DATA SUPPLIED:
::::::::

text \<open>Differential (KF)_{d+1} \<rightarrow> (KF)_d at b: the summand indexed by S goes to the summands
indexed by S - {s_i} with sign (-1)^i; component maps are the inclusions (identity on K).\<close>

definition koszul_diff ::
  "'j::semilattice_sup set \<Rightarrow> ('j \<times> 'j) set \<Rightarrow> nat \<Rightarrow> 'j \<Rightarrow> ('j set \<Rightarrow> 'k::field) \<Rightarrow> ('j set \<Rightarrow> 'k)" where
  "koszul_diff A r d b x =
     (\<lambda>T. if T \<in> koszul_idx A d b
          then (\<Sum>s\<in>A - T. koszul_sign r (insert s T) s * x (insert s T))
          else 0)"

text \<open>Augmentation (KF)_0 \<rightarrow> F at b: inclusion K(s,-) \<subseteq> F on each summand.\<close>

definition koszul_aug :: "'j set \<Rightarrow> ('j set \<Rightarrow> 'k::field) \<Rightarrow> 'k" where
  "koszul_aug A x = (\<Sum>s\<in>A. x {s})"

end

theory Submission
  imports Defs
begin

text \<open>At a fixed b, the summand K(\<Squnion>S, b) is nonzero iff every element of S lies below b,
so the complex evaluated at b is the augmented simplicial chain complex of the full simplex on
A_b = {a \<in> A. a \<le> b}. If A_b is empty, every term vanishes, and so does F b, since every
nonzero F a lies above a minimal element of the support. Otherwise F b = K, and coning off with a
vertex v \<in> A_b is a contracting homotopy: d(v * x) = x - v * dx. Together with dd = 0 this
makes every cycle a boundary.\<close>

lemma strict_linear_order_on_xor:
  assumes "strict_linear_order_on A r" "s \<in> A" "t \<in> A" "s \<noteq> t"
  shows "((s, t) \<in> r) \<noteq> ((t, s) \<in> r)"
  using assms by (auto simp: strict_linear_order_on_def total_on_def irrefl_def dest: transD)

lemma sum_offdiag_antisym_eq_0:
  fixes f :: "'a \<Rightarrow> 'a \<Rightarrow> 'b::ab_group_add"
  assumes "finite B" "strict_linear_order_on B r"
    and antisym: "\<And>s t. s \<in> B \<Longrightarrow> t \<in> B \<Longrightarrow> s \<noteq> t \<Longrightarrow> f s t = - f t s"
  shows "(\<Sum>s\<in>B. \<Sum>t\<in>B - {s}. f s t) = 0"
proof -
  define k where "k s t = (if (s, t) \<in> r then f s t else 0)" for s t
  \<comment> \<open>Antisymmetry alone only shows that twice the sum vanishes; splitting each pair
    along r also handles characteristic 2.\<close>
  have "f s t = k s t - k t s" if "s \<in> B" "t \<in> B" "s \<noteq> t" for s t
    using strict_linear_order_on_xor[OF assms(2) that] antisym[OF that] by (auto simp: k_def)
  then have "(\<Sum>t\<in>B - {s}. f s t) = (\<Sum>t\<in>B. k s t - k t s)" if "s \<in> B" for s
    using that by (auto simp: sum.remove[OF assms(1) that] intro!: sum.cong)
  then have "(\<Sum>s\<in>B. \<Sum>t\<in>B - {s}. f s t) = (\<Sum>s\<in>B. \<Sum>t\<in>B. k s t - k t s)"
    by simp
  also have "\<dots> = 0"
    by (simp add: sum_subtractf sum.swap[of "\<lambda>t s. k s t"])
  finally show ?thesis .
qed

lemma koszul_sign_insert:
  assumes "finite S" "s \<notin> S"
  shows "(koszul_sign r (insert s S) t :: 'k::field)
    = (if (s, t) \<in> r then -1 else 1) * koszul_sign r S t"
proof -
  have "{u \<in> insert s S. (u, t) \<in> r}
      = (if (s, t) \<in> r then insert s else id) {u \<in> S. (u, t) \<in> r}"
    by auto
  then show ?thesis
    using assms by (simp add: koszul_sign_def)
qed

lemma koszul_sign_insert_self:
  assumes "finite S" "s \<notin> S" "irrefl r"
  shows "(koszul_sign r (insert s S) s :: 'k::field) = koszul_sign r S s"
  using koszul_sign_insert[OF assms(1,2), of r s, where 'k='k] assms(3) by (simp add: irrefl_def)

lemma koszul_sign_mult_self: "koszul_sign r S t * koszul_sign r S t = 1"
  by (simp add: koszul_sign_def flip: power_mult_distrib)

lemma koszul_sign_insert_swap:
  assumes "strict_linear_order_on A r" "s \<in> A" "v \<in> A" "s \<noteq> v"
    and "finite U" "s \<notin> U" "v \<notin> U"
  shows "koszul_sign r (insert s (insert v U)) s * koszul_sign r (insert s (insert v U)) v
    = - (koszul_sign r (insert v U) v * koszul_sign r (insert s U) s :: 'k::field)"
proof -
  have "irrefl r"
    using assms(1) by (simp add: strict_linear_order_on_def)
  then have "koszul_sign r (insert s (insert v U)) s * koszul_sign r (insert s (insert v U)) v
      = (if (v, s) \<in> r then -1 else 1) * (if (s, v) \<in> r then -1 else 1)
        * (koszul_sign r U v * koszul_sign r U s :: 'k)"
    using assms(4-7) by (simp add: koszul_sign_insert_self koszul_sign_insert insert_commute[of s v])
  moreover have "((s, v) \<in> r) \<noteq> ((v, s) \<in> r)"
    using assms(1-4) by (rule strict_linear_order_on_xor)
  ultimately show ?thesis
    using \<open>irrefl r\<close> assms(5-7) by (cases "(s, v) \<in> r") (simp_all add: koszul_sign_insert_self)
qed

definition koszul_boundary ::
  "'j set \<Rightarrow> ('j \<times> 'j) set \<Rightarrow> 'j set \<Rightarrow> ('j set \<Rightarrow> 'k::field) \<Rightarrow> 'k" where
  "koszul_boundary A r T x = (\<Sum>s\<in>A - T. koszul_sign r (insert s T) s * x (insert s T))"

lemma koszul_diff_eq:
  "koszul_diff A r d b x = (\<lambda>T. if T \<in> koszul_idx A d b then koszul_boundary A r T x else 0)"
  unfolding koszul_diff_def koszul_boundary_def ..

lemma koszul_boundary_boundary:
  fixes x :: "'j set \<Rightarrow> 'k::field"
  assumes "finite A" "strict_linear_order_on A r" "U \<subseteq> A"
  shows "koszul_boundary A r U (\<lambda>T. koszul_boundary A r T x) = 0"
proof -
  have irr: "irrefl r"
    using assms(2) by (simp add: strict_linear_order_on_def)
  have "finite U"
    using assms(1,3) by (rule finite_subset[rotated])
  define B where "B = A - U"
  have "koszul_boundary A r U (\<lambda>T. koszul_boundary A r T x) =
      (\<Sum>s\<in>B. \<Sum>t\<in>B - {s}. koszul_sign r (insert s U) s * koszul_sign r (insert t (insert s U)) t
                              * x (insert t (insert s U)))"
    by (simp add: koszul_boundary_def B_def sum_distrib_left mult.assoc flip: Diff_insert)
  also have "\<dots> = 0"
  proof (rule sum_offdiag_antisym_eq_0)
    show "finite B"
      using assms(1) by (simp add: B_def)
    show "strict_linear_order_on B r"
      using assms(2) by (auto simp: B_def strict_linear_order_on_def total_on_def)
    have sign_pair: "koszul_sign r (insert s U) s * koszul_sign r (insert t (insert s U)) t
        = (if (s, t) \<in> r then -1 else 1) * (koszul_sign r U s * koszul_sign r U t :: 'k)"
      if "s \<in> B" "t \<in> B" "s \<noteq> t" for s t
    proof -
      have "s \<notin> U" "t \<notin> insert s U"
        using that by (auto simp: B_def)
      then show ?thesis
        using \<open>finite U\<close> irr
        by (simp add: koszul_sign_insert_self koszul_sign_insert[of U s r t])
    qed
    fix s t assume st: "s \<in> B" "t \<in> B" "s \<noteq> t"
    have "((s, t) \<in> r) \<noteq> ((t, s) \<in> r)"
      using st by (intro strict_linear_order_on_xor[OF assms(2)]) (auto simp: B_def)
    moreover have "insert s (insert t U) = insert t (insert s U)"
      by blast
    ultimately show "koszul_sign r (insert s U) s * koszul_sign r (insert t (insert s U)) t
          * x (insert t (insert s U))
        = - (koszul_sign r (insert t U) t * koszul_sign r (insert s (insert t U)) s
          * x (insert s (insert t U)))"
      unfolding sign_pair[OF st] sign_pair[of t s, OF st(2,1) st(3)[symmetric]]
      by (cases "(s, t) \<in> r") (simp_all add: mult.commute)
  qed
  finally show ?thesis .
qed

::::::::

Please give back exactly the lines of this listing beginning at the line with "along r also" and ending with the line with "using strict_linear_order_on_xor[OF assms(2)", both included, and nothing else.

SOLUTION BELOW:
    along r also handles characteristic 2.\<close>
  have "f s t = k s t - k t s" if "s \<in> B" "t \<in> B" "s \<noteq> t" for s t
    using strict_linear_order_on_xor[OF assms(2) that] antisym[OF that] by (auto simp: k_def)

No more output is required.